In part due to the recent discussion about "range trading strategies" and "picking market tops", I compiled the average rolling 20day pairwise correlation for the listed stocks. Just for the sake of anyone interested I thought I would throw up the last 6 months of data in a chart as for me it was very interesting.




If you are curious about why I'd be looking at these sorts of numbers please read

Re range trading:
" Volatility Harvesting and the Importance Of Rebalancing "
http://gestaltu.blogspot.com.au/2012/02/volatility-harvesting-and-importance-of.html

which has a good description of "Shannons Demon" as well as an interesting chart from the paper "The Joy of Volatility" by Dempster, Evstigneev and Schenk-Hoppe.

Re picking market tops:
As well as this tactical allocation strategy which uses pairwise correlations of asset classes

http://timelyportfolio.blogspot.com.au/2011/04/great-faj-article-on-statistical_6197.html

which includes R code for the strategy described along with a backtest to 1957.


----------



## notting (25 March 2013)

I can't be bothered reading the docs.
What does it say to you? Your opinion with respect!


----------



## chops_a_must (25 March 2013)

I was thinking of this today actually, but in relation to the index.

It looks very interesting.

Would I be right in suggesting that gold stocks are actually the move initators based on this?

Thanks for putting this up.


----------



## sinner (25 March 2013)

chops_a_must said:


> I was thinking of this today actually, but in relation to the index.
> 
> It looks very interesting.
> 
> ...




Hi chops,

Yeah, I wanted it to be as illustrative as possible so did not include the index. 

It does look like NCM is the clear leader in correlations. But I was thinking about it and decided there is something else going on here, probably something like (assuming high correlations are market bearish) NCM has been getting hit first because it's already in a downtrend. That's not to say it didn't lead as the chart clearly shows, but the reasons for the leading are less clear, I doubt they are simply "because gold stocks". Maybe in the future it'll be another sector and therefore a different ASX20 stock?

However I do note that over the very long term gold stocks indices tend to exhibit the same effect, i.e. if you add them to a general index portfolio it smooths out the equity curve due to its uncorrelated and elevated volatility, even if the performance of the gold index is very low or negative.
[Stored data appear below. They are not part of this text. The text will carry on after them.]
(* Let $(\xi_n)_{n\in\mathbb{Z}}$ be a stationary Markov chain with invariant distribution $\pi$, let $f\in\mathbb{L}_0^2(\pi)$, $X_i=f(\xi_i)$, $S_n=\sum_{i=1}^nX_i$ (with $S_0=0$). Then each of the sequences $(\|E(S_n\mid\xi_0)\|)_{n\ge0}$, $(\|E(S_n\mid\xi_n)\|)_{n\ge0}$ and $(\|E(S_n\mid\xi_0,\xi_n)\|)_{n\ge0}$ is subadditive, i.e. a sequence $(b_n)$ of the form listed satisfies $b_{n+m}\le b_n+b_m$ for all $n,m$.
   Context: The chain is defined on a probability space $(\Omega,\mathcal{F},\mathbb{P})$ with values in a measurable space $(S,\mathcal{A})$ and $\pi(A)=\mathbb{P}(\xi_0\in A)$. $\mathbb{L}_0^2(\pi)$ is the set of measurable $f$ with $\int f^2d\pi<\infty$ and $\int f d\pi=0$. $\|\cdot\|$ is the norm in $\mathbb{L}^2(\mathbb{P})$. *)

theory Defs
  imports "HOL-Probability.Probability"
begin

definition gen_sigma :: "'a measure \<Rightarrow> 's measure \<Rightarrow> (int \<Rightarrow> 'a \<Rightarrow> 's) \<Rightarrow> int set \<Rightarrow> 'a measure" where
  "gen_sigma M S xi K =
     sigma (space M) (\<Union>k\<in>K. {xi k -` A \<inter> space M | A. A \<in> sets S})"

definition stationary_process :: "'a measure \<Rightarrow> 's measure \<Rightarrow> (int \<Rightarrow> 'a \<Rightarrow> 's) \<Rightarrow> bool" where
  "stationary_process M S xi \<longleftrightarrow>
     (\<forall>I k. finite I \<longrightarrow>
        distr M (Pi\<^sub>M I (\<lambda>_. S)) (\<lambda>\<omega>. \<lambda>i\<in>I. xi (i + k) \<omega>) =
        distr M (Pi\<^sub>M I (\<lambda>_. S)) (\<lambda>\<omega>. \<lambda>i\<in>I. xi i \<omega>))"

definition markov_process :: "'a measure \<Rightarrow> 's measure \<Rightarrow> (int \<Rightarrow> 'a \<Rightarrow> 's) \<Rightarrow> bool" where
  "markov_process M S xi \<longleftrightarrow>
     (\<forall>n. \<forall>A\<in>sets S.
        AE \<omega> in M. real_cond_exp M (gen_sigma M S xi {..n}) (indicator (xi (n + 1) -` A \<inter> space M)) \<omega>
                 = real_cond_exp M (gen_sigma M S xi {n}) (indicator (xi (n + 1) -` A \<inter> space M)) \<omega>)"

definition stationary_markov_chain :: "'a measure \<Rightarrow> 's measure \<Rightarrow> (int \<Rightarrow> 'a \<Rightarrow> 's) \<Rightarrow> bool" where
  "stationary_markov_chain M S xi \<longleftrightarrow>
     prob_space M \<and> (\<forall>i. xi i \<in> measurable M S) \<and>
     stationary_process M S xi \<and> markov_process M S xi"

definition L2_0 :: "'s measure \<Rightarrow> ('s \<Rightarrow> real) set" where
  "L2_0 \<pi> = {f. f \<in> borel_measurable \<pi> \<and> integrable \<pi> (\<lambda>x. (f x)\<^sup>2) \<and> integrable \<pi> f \<and> (\<integral>x. f x \<partial>\<pi>) = 0}"

definition L2norm :: "'a measure \<Rightarrow> ('a \<Rightarrow> real) \<Rightarrow> real" where
  "L2norm M Y = sqrt (\<integral>\<omega>. (Y \<omega>)\<^sup>2 \<partial>M)"

end

theory Submission
  imports Defs
begin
Somewhat similar to bonds although bonds have obviously outperformed in a secular bull.

I would say a good takeaway from the chart is that correlation values tend to be quite persistent once they reverse off an extreme, so if you're holding an asset for its diversification benefits and the correlation starts to go up from a very low value, you know ahead of time that the diversification value is going to decrease and switch to cash or perhaps an asset where correlations are coming down off a high value.


----------



## faddishworm (12 June 2013)

Im quite a noob, but what happens to these correlations if BHP buys NCM?
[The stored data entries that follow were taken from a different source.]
lemma is_channel_test_channel: "is_channel test_channel"
proof -
  have "(\<Sum>y\<in>UNIV. test_channel v y) = (\<Sum>l<L. \<Sum>y\<in>UNIV. letter_channel l v y) / L" for v
    unfolding test_channel_def sum_divide_distrib[symmetric] by (subst sum.swap) (rule refl)
  moreover have "test_channel v y \<ge> 0" for v y
    unfolding test_channel_def by (simp add: sum_nonneg letter_channel_nonneg)
  ultimately show ?thesis
    using is_channel_letter_channel L_pos by (simp add: is_channel_def is_dist_def)
qed

lemma sum_joint_nth:
  assumes "l < L"
  shows "(\<Sum>vs | length vs = L. \<Sum>ys\<in>C. if vs ! l = v \<and> ys ! l = y then joint vs ys else 0)
       = pV v * letter_channel l v y"
  unfolding letter_channel_def sum_distrib_left
  using assms by (intro sum.cong refl) (auto simp: joint_def iid_prob_nth)

lemma marg_VY_test_channel: "marg_VY PX W test_channel (v, y) = pV v * test_channel v y"
  by (simp add: marg_VY_def pV_def sum_distrib_right)

lemma marg_VY_test_channel_eq_average:
  "marg_VY PX W test_channel (v, y) = (\<Sum>l<L. \<Sum>vs | length vs = L. \<Sum>ys\<in>C.
      if vs ! l = v \<and> ys ! l = y then joint vs ys else 0) / L"
  unfolding marg_VY_test_channel test_channel_def sum_distrib_left times_divide_eq_right
  by (simp add: sum_joint_nth)

lemma sum_joint: "(\<Sum>vs | length vs = L. \<Sum>ys\<in>C. joint vs ys) = 1"
  using sum_iid_prob[OF is_dist_pV, of L]
  by (simp add: joint_def E_sum sum_distrib_left[symmetric])

section \<open>Distortion\<close>

lemma block_prob_nonneg: "block_prob PX W E xs vs ys \<ge> 0"
  using PX W E_nonneg unfolding block_prob_def is_dist_def is_channel_def
  by (intro mult_nonneg_nonneg prod_nonneg) auto

lemma sum_block_prob_source:
  assumes "length vs = L"
  shows "(\<Sum>xs | length xs = L. block_prob PX W E xs vs ys) = joint vs ys"
proof -
  have "(\<Sum>xs | length xs = L. block_prob PX W E xs vs ys)
      = (\<Sum>xs | length xs = L. \<Prod>k<L. PX (xs ! k) * W (xs ! k) (vs ! k)) * E vs ys"
    unfolding sum_distrib_right by (intro sum.cong) (auto simp: block_prob_def)
  also have "\<dots> = joint vs ys"
    using assms sum_lists_length_prod[of "\<lambda>k a. PX a * W a (vs ! k)"]
    by (simp add: joint_def iid_prob_def pV_def)
  finally show ?thesis .
qed

lemma sum_block_prob_source_nth:
  assumes "l < L" and "length vs = L"
  shows "(\<Sum>xs | length xs = L. if xs ! l = x then block_prob PX W E xs vs ys else 0)
       = PX x * W x (vs ! l) * iid_prob_except pV l vs * E vs ys"
proof -
  define f where "f k a = PX a * W a (vs ! k)" for k a
  have "(if xs ! l = x then block_prob PX W E xs vs ys else 0)
      = f l x * E vs ys * (if xs ! l = x then \<Prod>k\<in>{..<L}-{l}. f k (xs ! k) else 0)"
    if "length xs = L" for xs
    using that assms(1) by (simp add: block_prob_def f_def prod.remove)
  then have "(\<Sum>xs | length xs = L. if xs ! l = x then block_prob PX W E xs vs ys else 0)
      = f l x * E vs ys * (\<Sum>xs | length xs = L. if xs ! l = x then \<Prod>k\<in>{..<L}-{l}. f k (xs ! k) else 0)"
    unfolding sum_distrib_left by (intro sum.cong) auto
  also have "\<dots> = f l x * E vs ys * (\<Prod>k\<in>{..<L}-{l}. \<Sum>a\<in>UNIV. f k a)"
    using assms(1) by (simp add: sum_lists_length_nth_prod)
  also have "\<dots> = PX x * W x (vs ! l) * iid_prob_except pV l vs * E vs ys"
    using assms(2) by (simp add: f_def pV_def iid_prob_except_def)
  finally show ?thesis .
qed

lemma sum_block_prob:
  "(\<Sum>xs | length xs = L. \<Sum>vs | length vs = L. \<Sum>ys\<in>C. block_prob PX W E xs vs ys) = 1"
proof -
  have "(\<Sum>xs | length xs = L. \<Sum>vs | length vs = L. \<Sum>ys\<in>C. block_prob PX W E xs vs ys)
      = (\<Sum>vs | length vs = L. \<Sum>ys\<in>C. \<Sum>xs | length xs = L. block_prob PX W E xs vs ys)"
    by (subst sum.swap) (simp add: sum.swap[of _ C])
  also have "\<dots> = 1"
    by (simp add: sum_block_prob_source sum_joint)
  finally show ?thesis .
qed

lemma sum_letter_channel_weighted:
  "(\<Sum>v\<in>UNIV. g v * letter_channel l v y)
     = (\<Sum>vs | length vs = L. \<Sum>ys\<in>C. if ys ! l = y then g (vs ! l) * iid_prob_except pV l vs * E vs ys else 0)"
proof -
  have "(\<Sum>v\<in>UNIV. g v * letter_channel l v y)
      = (\<Sum>v\<in>UNIV. \<Sum>vs | length vs = L. \<Sum>ys\<in>C.
          if vs ! l = v \<and> ys ! l = y then g v * iid_prob_except pV l vs * E vs ys else 0)"
    unfolding letter_channel_def sum_distrib_left
    by (simp add: if_distrib[where f = "\<lambda>z. _ * z"] mult.assoc cong: if_cong)
  also have "\<dots> = (\<Sum>vs | length vs = L. \<Sum>ys\<in>C. \<Sum>v\<in>UNIV.
          if vs ! l = v \<and> ys ! l = y then g v * iid_prob_except pV l vs * E vs ys else 0)"
    by (subst sum.swap) (simp add: sum.swap[of _ UNIV])
  also have "\<dots> = (\<Sum>vs | length vs = L. \<Sum>ys\<in>C.
          if ys ! l = y then g (vs ! l) * iid_prob_except pV l vs * E vs ys else 0)"
    by (auto intro!: sum.cong)
  finally show ?thesis .
qed

lemma expected_emp_dist:
  "(\<Sum>xs | length xs = L. \<Sum>vs | length vs = L. \<Sum>ys\<in>C. block_prob PX W E xs vs ys * emp_dist xs ys (x, y))
     = marg_XY PX W test_channel (x, y)"
proof -
  define g where "g l vs ys = (if ys ! l = y then PX x * W x (vs ! l) * iid_prob_except pV l vs * E vs ys else 0)"
    for l vs ys
  have letter: "(\<Sum>xs | length xs = L. if xs ! l = x \<and> ys ! l = y then block_prob PX W E xs vs ys else 0)
      = g l vs ys" if "length vs = L" and "l < L" for vs ys l
    using that by (cases "ys ! l = y") (simp_all add: g_def sum_block_prob_source_nth)
  have inner: "(\<Sum>xs | length xs = L. block_prob PX W E xs vs ys * emp_dist xs ys (x, y))
      = (\<Sum>l<L. g l vs ys) / L" if "length vs = L" for vs ys
  proof -
    have "(\<Sum>xs | length xs = L. block_prob PX W E xs vs ys * emp_dist xs ys (x, y))
        = (\<Sum>xs | length xs = L. \<Sum>l<L. if xs ! l = x \<and> ys ! l = y then block_prob PX W E xs vs ys else 0) / L"
      unfolding sum_divide_distrib
      by (intro sum.cong)
        (auto simp: emp_dist_eq_average sum_distrib_left sum_divide_distrib if_distrib[where f = "\<lambda>z. _ * z"] cong: if_cong)
    also have "\<dots> = (\<Sum>l<L. g l vs ys) / L"
      using that by (subst sum.swap) (simp add: letter)
    finally show ?thesis .
  qed
  have "(\<Sum>xs | length xs = L. \<Sum>vs | length vs = L. \<Sum>ys\<in>C. block_prob PX W E xs vs ys * emp_dist xs ys (x, y))
      = (\<Sum>vs | length vs = L. \<Sum>ys\<in>C. \<Sum>xs | length xs = L. block_prob PX W E xs vs ys * emp_dist xs ys (x, y))"
    by (subst sum.swap) (simp add: sum.swap[of _ C])
  also have "\<dots> = (\<Sum>l<L. \<Sum>vs | length vs = L. \<Sum>ys\<in>C. g l vs ys) / L"
    by (simp add: inner sum_divide_distrib[symmetric]) (subst sum.swap, simp add: sum.swap[of _ C])
  also have "\<dots> = (\<Sum>l<L. \<Sum>v\<in>UNIV. PX x * W x v * letter_channel l v y) / L"
    by (simp add: g_def sum_letter_channel_weighted)
  also have "\<dots> = marg_XY PX W test_channel (x, y)"
    by (simp add: marg_XY_def test_channel_def sum_divide_distrib sum_distrib_left) (subst sum.swap, simp)
  finally show ?thesis .
qed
There are speculations about it or so I hear.


----------



## sinner (12 June 2013)

faddishworm said:


> Im quite a noob, but what happens to these correlations if BHP buys NCM?
> 
> There are speculations about it or so I hear.




I'm assuming you're asking, would the BHP avg pairwise correlation start to look more like NCM? Well, BHP market cap is >10 times the size of NCM, so I guess that while there would be some (10% less correlation?) change, I don't imagine it would significantly change the BHP curve.


----------